Background: Rheumatoid arthritis (RA) is a systemic autoimmune disease characterized by chronic and symmetrical polyarthritis. RA patients often experience inflammatory reactions and hypercoagulable states, which together affect the self-perception of patient (SPP). Currently, inhibiting inflammation and hypercoagulable states are common treatment methods for alleviating RA symptoms. Xinfeng Capsule (XFC) has a long history of treating RA, and can effectively improve the inflammatory response and hypercoagulable state of RA. However, the potential mechanisms have not yet been determined. Purpose and study design: This study elucidated the action mechanism of XFC in RA inflammation and hypercoagulability through the lncDSCR9/RPLP2/PI3K/AKT axis.

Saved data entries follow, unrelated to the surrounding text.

lemma approx_num_eq:
  assumes "r > 0"
  shows "real (approx_num (chi T) n p r) / real (approx_den n r) =
    real p / real r + outer_bump (real p / real r) + (\<Sum>k<n. tree_bump T (real p / real r) k)"
proof -
  have den: "real (approx_den n r) = real r * 6 ^ (n + 2)" by (simp add: approx_den_def)
  have "real (outer_num p r * (3 * 6 ^ n)) / (real r * 6 ^ (n + 2)) = outer_bump (real p / real r)"
    using assms unfolding outer_bump_rat[OF assms] by (simp add: field_simps power_add)
  moreover have "real (\<Sum>k<n. bump_num (chi T) k p r * 3 ^ (n - code_length k) * 2 ^ (n - k)) /
      (real r * 6 ^ (n + 2)) = (\<Sum>k<n. tree_bump T (real p / real r) k)"
    unfolding of_nat_sum sum_divide_distrib by (rule sum.cong) (simp_all add: tree_bump_rat[OF assms])
  ultimately show ?thesis
    using assms unfolding den approx_num_def of_nat_add add_divide_distrib by simp
qed

lemma approx_num_error:
  assumes "r > 0"
  shows "\<bar>real (approx_num (chi T) n p r) / real (approx_den n r) - tree_fun T (real p / real r)\<bar> \<le> 1 / 2 ^ n"
proof -
  let ?x = "real p / real r"
  have tail: "(\<lambda>k. (1/2::real) ^ (k + n + 2)) sums ((1/2) ^ (n + 1))"
    using sums_mult[OF geometric_sums[of "1/2::real"], of "(1/2) ^ (n + 2)"]
    by (simp add: power_add mult.commute)
  have "tree_fun T ?x - real (approx_num (chi T) n p r) / real (approx_den n r) = (\<Sum>k. tree_bump T ?x (k + n))"
    unfolding approx_num_eq[OF assms] tree_fun_def excess_def
      suminf_split_initial_segment[OF summable_tree_bump, of T ?x n]
    by simp
  moreover have "0 \<le> (\<Sum>k. tree_bump T ?x (k + n))"
    by (intro suminf_nonneg summable_ignore_initial_segment summable_tree_bump tree_bump_nonneg)
  moreover have "(\<Sum>k. tree_bump T ?x (k + n)) \<le> (\<Sum>k. (1/2) ^ (k + n + 2))"
    by (rule suminf_le[OF tree_bump_le summable_ignore_initial_segment[OF summable_tree_bump]
          sums_summable[OF tail]])
  moreover have "(\<Sum>k. (1/2::real) ^ (k + n + 2)) \<le> 1 / 2 ^ n"
    using sums_unique[OF tail] by (simp add: power_add field_simps)
  ultimately show ?thesis by (simp add: abs_minus_commute)
qed

text \<open>The largest s with triangle s \<le> i, found by bounded counting so that prod_decode becomes
  primitive recursive.\<close>

definition tri_root :: "nat \<Rightarrow> nat" where
  "tri_root i = (\<Sum>t<Suc i. if triangle (Suc t) \<le> i then 1 else 0)"

lemma triangle_mono: "m \<le> n \<Longrightarrow> triangle m \<le> triangle n"
  by (induction n) (auto simp: le_Suc_eq)

lemma ex_triangle_bracket: "\<exists>s. triangle s \<le> i \<and> i < triangle (Suc s)"
proof (induction i)
  case (Suc i)
  then obtain s where "triangle s \<le> i" "i < triangle (Suc s)" by blast
  then show ?case
    by (cases "Suc i < triangle (Suc s)") (auto intro: exI[of _ s] exI[of _ "Suc s"])
qed (auto intro: exI[of _ 0])

lemma tri_root_eq:
  assumes "triangle s \<le> i" "i < triangle (Suc s)"
  shows "tri_root i = s"
proof -
  have "triangle (Suc t) \<le> i \<longleftrightarrow> t < s" for t
  proof
    assume "triangle (Suc t) \<le> i"
    with assms(2) show "t < s" using triangle_mono[of "Suc s" "Suc t"] by (cases "t < s") auto
  next
    assume "t < s"
    with assms(1) show "triangle (Suc t) \<le> i" using triangle_mono[of "Suc t" s] by simp
  qed
  then have "tri_root i = (\<Sum>t<Suc i. if t < s then 1 else 0)"
    unfolding tri_root_def by presburger
  also have "\<dots> = s"
  proof -
    have "s \<le> triangle s" by (induction s) auto
    with assms(1) show ?thesis by (simp add: sum_lessThan_if_less min_def)
  qed
  finally show ?thesis .
qed

lemma prod_decode_tri_root:
  "prod_decode i = (i - triangle (tri_root i), tri_root i - (i - triangle (tri_root i)))"
proof -
  obtain s where s: "triangle s \<le> i" "i < triangle (Suc s)" using ex_triangle_bracket by blast
  then have "i = triangle s + (i - triangle s)" "i - triangle s \<le> s" by simp_all
  then have "prod_decode i = (i - triangle s, s - (i - triangle s))"
    by (metis prod_decode_aux.simps prod_decode_triangle_add)
  then show ?thesis using tri_root_eq[OF s] by simp
qed

text \<open>The input i = prod_encode (a, b) is the rational int_decode a / (b + 1); when it is
  nonnegative, a is even and the numerator is a div 2. Conversely 2 * N codes the integer N.\<close>

definition approx_code :: "(nat \<Rightarrow> nat) \<Rightarrow> nat \<Rightarrow> nat \<Rightarrow> nat" where
  "approx_code g i n = (case prod_decode i of (a, b) \<Rightarrow>
     prod_encode (2 * approx_num g n (a div 2) (Suc b), approx_den n (Suc b) - 1))"

lemma int_decode_double: "int_decode (2 * m) = int m"
  by (simp add: int_decode_def sum_decode_def)

lemma rat_of_code_approx_code:
  assumes "prod_decode i = (a, b)"
  shows "rat_of_code (approx_code g i n) = real (approx_num g n (a div 2) (Suc b)) / real (approx_den n (Suc b))"
proof -
  have "approx_den n (Suc b) > 0" by (simp add: approx_den_def)
  with assms show ?thesis by (simp add: approx_code_def rat_of_code_def int_decode_double)
qed

lemma rat_of_code_nonneg:
  assumes "prod_decode i = (a, b)" "0 \<le> rat_of_code i"
  shows "rat_of_code i = real (a div 2) / real (Suc b)"
proof -
  have r: "rat_of_code i = real_of_int (int_decode a) / real (Suc b)"
    using assms(1) by (simp add: rat_of_code_def)
  have "even a"
  proof (rule ccontr)
    assume "odd a"
    then have "int_decode a < 0" by (simp add: int_decode_def sum_decode_def)
    then have "rat_of_code i < 0" unfolding r by (simp add: divide_neg_pos)
    with assms(2) show False by simp
  qed
  then show ?thesis using r by (auto simp: int_decode_double elim: evenE)
qed

lemma approx_code_error:
  assumes "rat_of_code i \<in> {0..1}"
  shows "\<bar>rat_of_code (approx_code (chi T) i n) - tree_fun T (rat_of_code i)\<bar> \<le> 1 / 2 ^ n"
proof -
  obtain a b where ab: "prod_decode i = (a, b)" by fastforce
  with assms have "rat_of_code i = real (a div 2) / real (Suc b)"
    by (intro rat_of_code_nonneg) auto
  then show ?thesis
    unfolding rat_of_code_approx_code[OF ab] using approx_num_error[of "Suc b" T n "a div 2"] by simp
qed

lemma is_code_tree_fun: "is_code (tree_fun T) (approx_code (chi T)) Suc"
  unfolding is_code_def
proof (intro conjI allI impI)
  fix m and x y :: real
  assume "\<bar>x - y\<bar> < 1 / 2 ^ Suc m"
  with tree_fun_lipschitz[of T x y] show "\<bar>tree_fun T x - tree_fun T y\<bar> < 1 / 2 ^ m"
    by simp
qed (rule approx_code_error)

section \<open>Computability and the main result\<close>

lemmas oracle_pr_arith =
  oracle_pr_add oracle_pr_mult oracle_pr_diff oracle_pr_power oracle_pr_min oracle_pr_div2
  oracle_pr_mod2 oracle_pr_const oracle_pr_oracle oracle_pr_if_zero oracle_pr_if_le oracle_pr_triangle
  oracle_pr_prod_encode

lemma oracle_pr_code_drop:
  assumes "oracle_pr n J" "oracle_pr n K"
  shows "oracle_pr n (\<lambda>g xs. code_drop (J g xs) (K g xs))"
proof -
  have "rec_nat k (\<lambda>m r. (r - 1) div 2) j = code_drop j k" for j k
    by (induction j) (simp_all add: code_drop_def code_tl_def)
  with oracle_pr_rec[OF assms(2) oracle_pr_div2[OF oracle_pr_diff[OF oracle_pr_snd oracle_pr_const[of _ 1]]] assms(1)]
  show ?thesis by simp
qed

lemma oracle_pr_code_length:
  assumes "oracle_pr n K"
  shows "oracle_pr n (\<lambda>g xs. code_length (K g xs))"
proof -
  have "oracle_pr n (\<lambda>g xs. \<Sum>j<K g xs. (\<lambda>g ys. if code_drop (ys ! 0) (K g (drop 1 ys)) = 0 then 0 else 1) g (j # xs))"
    by (rule oracle_pr_sum) (intro oracle_pr_arith oracle_pr_code_drop oracle_pr_fst oracle_pr_drop1 assms)+
  then show ?thesis by (rule oracle_pr_cong) (simp add: code_length_def)
qed

lemma oracle_pr_code_cantor_num:
  assumes "oracle_pr n K"
  shows "oracle_pr n (\<lambda>g xs. code_cantor_num (K g xs))"
proof -
  have "oracle_pr n (\<lambda>g xs. 3 + (\<Sum>j<K g xs. (\<lambda>g ys. if code_drop (ys ! 0) (K g (drop 1 ys)) = 0 then 0
     else (if code_drop (ys ! 0) (K g (drop 1 ys)) mod 2 = 0 then 4 else 2)
       * 3 ^ (code_length (K g (drop 1 ys)) - ys ! 0)) g (j # xs)))"
    by (intro oracle_pr_add oracle_pr_const, rule oracle_pr_sum)
      (intro oracle_pr_arith oracle_pr_code_drop oracle_pr_code_length oracle_pr_fst oracle_pr_drop1 assms)+
  then show ?thesis by (rule oracle_pr_cong) (simp add: code_cantor_num_def cong: if_cong)
qed

lemma oracle_pr_bump_num:
  assumes "oracle_pr n K" "oracle_pr n P" "oracle_pr n R"
  shows "oracle_pr n (\<lambda>g xs. bump_num g (K g xs) (P g xs) (R g xs))"
  unfolding bump_num_def lo_num_def hi_num_def
  by (intro oracle_pr_arith oracle_pr_code_cantor_num oracle_pr_code_length assms)

lemma oracle_pr_approx_num:
  assumes "oracle_pr n N" "oracle_pr n P" "oracle_pr n R"
  shows "oracle_pr n (\<lambda>g xs. approx_num g (N g xs) (P g xs) (R g xs))"
proof -
  have "oracle_pr n (\<lambda>g xs. P g xs * 6 ^ (N g xs + 2) + outer_num (P g xs) (R g xs) * (3 * 6 ^ N g xs) +
     (\<Sum>j<N g xs. (\<lambda>g ys. bump_num g (ys ! 0) (P g (drop 1 ys)) (R g (drop 1 ys))
        * 3 ^ (N g (drop 1 ys) - code_length (ys ! 0)) * 2 ^ (N g (drop 1 ys) - ys ! 0)) g (j # xs)))"
    unfolding outer_num_def
    by (intro oracle_pr_arith assms, rule oracle_pr_sum)
      (intro oracle_pr_arith oracle_pr_bump_num oracle_pr_code_length oracle_pr_fst oracle_pr_drop1 assms)+
  then show ?thesis by (rule oracle_pr_cong) (simp add: approx_num_def)
qed

lemma oracle_pr_tri_root:
  assumes "oracle_pr n F"
  shows "oracle_pr n (\<lambda>g xs. tri_root (F g xs))"
proof -
  have "oracle_pr n (\<lambda>g xs. \<Sum>t<Suc (F g xs).
      (\<lambda>g ys. if triangle (Suc (ys ! 0)) \<le> F g (drop 1 ys) then 1 else 0) g (t # xs))"
    by (rule oracle_pr_sum) (intro oracle_pr_arith oracle_pr_succ oracle_pr_fst oracle_pr_drop1 assms)+
  then show ?thesis by (rule oracle_pr_cong) (simp add: tri_root_def)
qed

lemma oracle_pr_approx_code: "oracle_pr 2 (\<lambda>g xs. approx_code g (xs ! 0) (xs ! 1))"
  unfolding approx_code_def prod_decode_tri_root approx_den_def split
  by (intro oracle_pr_arith oracle_pr_approx_num oracle_pr_tri_root oracle_pr_succ oracle_pr_proj) simp_all

theorem lemma3p2:
  "\<exists>pA pD :: prog. \<forall>T. computable_tree T \<longrightarrow>
     (\<exists>(f :: real \<Rightarrow> real) A D.
        (\<forall>i n. ev (chi T) pA [i, n] (A i n)) \<and>
        (\<forall>m. ev (chi T) pD [m] (D m)) \<and>
        is_code f A D \<and>
        f ` {0..1} \<subseteq> {0..1} \<and>
        continuous_on {0..1} f \<and>
        mono_on {0..1} f \<and>
        (\<forall>x\<in>{0..1}. x \<le> f x) \<and>
        (\<forall>x\<in>{0..1}. f x = x \<longleftrightarrow>
            (x = 0 \<or> x = 1 \<or> (x \<in> cantor_set \<and> (\<exists>X. cantor X = x \<and> X \<in> paths T)))))"
proof -
  obtain pA where pA_prog: "\<forall>g xs. length xs = 2 \<longrightarrow> ev g pA xs (approx_code g (xs ! 0) (xs ! 1))"
    using oracle_pr_approx_code unfolding oracle_pr_def by blast
  have pA: "ev g pA [i, n] (approx_code g i n)" for g i n
    using pA_prog[rule_format, of "[i, n]" g] by simp
  obtain pD where pD_prog: "\<forall>g xs. length xs = 1 \<longrightarrow> ev g pD xs (Suc (xs ! 0))"
    using oracle_pr_succ_proj unfolding oracle_pr_def by blast
  have pD: "ev g pD [m] (Suc m)" for g m
    using pD_prog[rule_format, of "[m]" g] by simp
  have maps_to: "tree_fun T ` {0..1} \<subseteq> {0..1}" for T
    using tree_fun_ge tree_fun_le_1 by (force intro: order.trans[OF _ tree_fun_ge])
  have continuous: "continuous_on {0..1} (tree_fun T)" for T
    by (rule lipschitz_on_continuous_on[OF lipschitz_onI[of _ _ 2]])
      (simp_all add: dist_real_def tree_fun_lipschitz)
  show ?thesis
    apply (rule exI[of _ pA], rule exI[of _ pD], intro allI impI)
    subgoal for T
      using pA pD is_code_tree_fun[of T] maps_to[of T] continuous[of T] tree_fun_ge tree_fun_eq_self_iff
      by (intro exI[of _ "tree_fun T"] exI[of _ "approx_code (chi T)"] exI[of _ Suc])
        (auto intro: mono_onI tree_fun_mono)
    done
qed

end
(* Let $p\ge3$ and consider the 1D FUSE semi-discretisation (context) of $\partial_t u+\partial_x F(u)=0$, with $F$ continuously differentiable, on a periodic mesh, using as reference nodes the Gauss–Legendre-plus-endpoints nodes: $r_0=-1$, $r_p=1$, and $r_1<\dots<r_{p-1}$ the $p-1$ Gauss–Legendre quadrature points on $[-1,1]$ with weights $\omega_1,\dots,\omega_{p-1}$. For each element define $\bar u_k=\tfrac12\sum_{i=1}^{p-1}\omega_i\,u_{i,k}$. Then (i) $\bar u_k=\frac{1}{|K_k|}\int_{K_k}u_h\,dx$, where $u_h|_{K_k}$ is the degree-$\le p$ interpolant of the nodal values on $K_k$; (ii) along solutions of the FUSE semi-discretisation, $$\frac{d\bar u_k}{dt}+\frac{1}{|K_k|}\Big(F(u_{p,k})-F(u_{0,k})\Big)=0\quad\text{for every }k;$$ and consequently (iii) $\frac{d}{dt}\sum_{k=1}^N |K_k|\,\bar u_k=0$, i.e. $\int_\Omega u_h\,dx$ is conserved (for a uniform mesh, $\sum_k\bar u_k$ is conserved).
   Context: Setting: $\Omega=[0,1]$, periodic, mesh $0=x_0<\dots<x_N=1$, elements $K_k=[x_{k-1},x_k]$ (indices mod $N$), $|K_k|=x_k-x_{k-1}$. Nodes $s_{i,k}=x_{k-1}+\tfrac{r_i+1}{2}|K_k|$, $i=0,\dots,p$, with boundary nodes shared ($s_{p,k}=s_{0,k+1}$, a single nodal value, so $u_{p,k}=u_{0,k+1}$). $F_h^{(k)}$ is the polynomial of degree $\le p$ on $K_k$ with $F_h^{(k)}(s_{i,k})=F(u_{i,k})$. FUSE semi-discretisation: interior nodes $\frac{d}{dt}u_{i,k}=-(F_h^{(k)})'(s_{i,k})$ for $1\le i\le p-1$; at a shared node $s=s_{p,k}=s_{0,k+1}$ with value $u_s$, $\frac{d}{dt}u_s=-(F_h^{(k)})'(s)$ if $F'(u_s)>0$ and $-(F_h^{(k+1)})'(s)$ otherwise. *)

theory Defs
  imports "HOL-Analysis.Analysis" "HOL-Computational_Algebra.Polynomial"
begin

Results: Clinical observations indicated that there was a strong link between XFC therapy and improvements in inflammatory and coagulation biomarkers, as well as SPP among RA patients. The subsequent network pharmacology analysis results identified the PI3K/AKT signaling pathway as a potential mediator for XFC treatment of RA. Furthermore, clinical validation and sequencing results revealed that lncRNA DSCR9 expression (a gene implicated in inflammation and coagulation) was negatively correlated with clinical markers of inflammation and coagulation, while positively correlated with SF-36 indicators. Notably, XFC treatment remarkably upregulated lncRNA DSCR9 expression and downregulated PI3K and AKT expressions, showing opposite expression trends to the untreated cases. The regulatory effect of XFC on the lncRNA DSCR9/RPLP2/PI3K/AKT axis in RA was investigated using techniques such as RNA pull-down assay, Western blot analysis, RT-PCR, and EdU assay. Moreover, the administration of the PI3K/AKT agonist RMH can counteract the effects of XFC on p-PI3K, p-AKT, inflammation, and hypercoagulability, reinforcing the role of the PI3K/AKT pathway. Finally, animal studies utilizing HE staining and transmission electron microscopy (TEM) demonstrated that XFC notably decreased PI3K and AKT expressions in adjuvant-induced arthritis (AA) rats, mitigated inflammation and hypercoagulability, and enhanced the ultrastructure of synovial cells. These findings underscored the potential mechanisms of XFC in the treatment of RA. Conclusion: Regulating the lncRNA DSCR9/RPLP2/PI3K/AKT axis may be an important mechanism by which XFC improved RA inflammatory response and hypercoagulable state.